Congress is once again facing criticism for failing to address the financial challenges facing cannabis and hemp businesses. This week, the House Appropriations Committee advanced a key spending bill that excluded language to protect banks serving state-licensed operators.
Representative Betty McCollum of Minnesota called out the omission, noting that hemp businesses in particular are burdened by federal compliance requirements that deter banks from working with them. Many are forced to operate in cash, creating safety risks for employees and customers.

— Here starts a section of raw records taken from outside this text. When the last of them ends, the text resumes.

lemma emeasure_split_SS:
  assumes sets_m: "sets m = sets (restrict_space borel (S \<times> S))"
    and A: "A \<in> sets (restrict_space borel (S \<times> S))"
  shows "emeasure m A = emeasure m (A \<inter> (T \<times> T)) + emeasure m ({x\<in>T. (x, s) \<in> A} \<times> {s})
    + emeasure m ({s} \<times> {y\<in>T. (s, y) \<in> A}) + emeasure m (A \<inter> {(s, s)})"
proof -
  define A\<^sub>1 where "A\<^sub>1 = {x\<in>T. (x, s) \<in> A}"
  define A\<^sub>2 where "A\<^sub>2 = {y\<in>T. (s, y) \<in> A}"
  have "A\<^sub>1 = (\<lambda>x. (x, s)) -` A \<inter> space (restrict_space borel T)"
    and "A\<^sub>2 = (\<lambda>y. (s, y)) -` A \<inter> space (restrict_space borel T)"
    by (auto simp: A\<^sub>1_def A\<^sub>2_def)
  then have "A\<^sub>1 \<in> sets (restrict_space borel T)" and "A\<^sub>2 \<in> sets (restrict_space borel T)"
    using measurable_sets[OF measurable_Pair_s A] measurable_sets[OF measurable_s_Pair A] by simp_all
  then have sets_A: "A \<inter> (T \<times> T) \<in> sets m" "A\<^sub>1 \<times> {s} \<in> sets m" "{s} \<times> A\<^sub>2 \<in> sets m"
      "A \<inter> {(s, s)} \<in> sets m"
    using A sets_restrict_SS_TT sets_restrict_S_s sets_restrict_SS_ss
    by (auto simp: sets_m intro!: sets_restrict_S_Times sets_restrict_T_S)
  have "A = ((A \<inter> (T \<times> T) \<union> A\<^sub>1 \<times> {s}) \<union> {s} \<times> A\<^sub>2) \<union> A \<inter> {(s, s)}"
    using sets.sets_into_space[OF A] by (auto simp: A\<^sub>1_def A\<^sub>2_def)
  also have "emeasure m \<dots> = emeasure m (A \<inter> (T \<times> T) \<union> A\<^sub>1 \<times> {s} \<union> {s} \<times> A\<^sub>2)
      + emeasure m (A \<inter> {(s, s)})"
    using sets_A s_notin_T by (intro plus_emeasure[symmetric]) (auto simp: A\<^sub>1_def A\<^sub>2_def)
  also have "emeasure m (A \<inter> (T \<times> T) \<union> A\<^sub>1 \<times> {s} \<union> {s} \<times> A\<^sub>2)
      = emeasure m (A \<inter> (T \<times> T) \<union> A\<^sub>1 \<times> {s}) + emeasure m ({s} \<times> A\<^sub>2)"
    using sets_A s_notin_T by (intro plus_emeasure[symmetric]) (auto simp: A\<^sub>1_def A\<^sub>2_def)
  also have "emeasure m (A \<inter> (T \<times> T) \<union> A\<^sub>1 \<times> {s})
      = emeasure m (A \<inter> (T \<times> T)) + emeasure m (A\<^sub>1 \<times> {s})"
    using sets_A s_notin_T by (intro plus_emeasure[symmetric]) (auto simp: A\<^sub>1_def)
  finally show ?thesis
    by (simp add: A\<^sub>1_def A\<^sub>2_def)
qed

The broader issue of cannabis banking reform has long been on Congress’s agenda, with bipartisan lawmakers pushing the SAFER Banking Act. Despite strong support, movement has stalled, leaving businesses and financial institutions in limbo.
Meanwhile, the spending bill directs agencies to assess state cannabis regulatory models but continues to block Washington, D.C. from establishing a regulated cannabis market.
The debate underscores a persistent tension: states continue to expand legalization while federal inaction leaves critical gaps in financial protections. Whether Congress will act this fall remains an open question.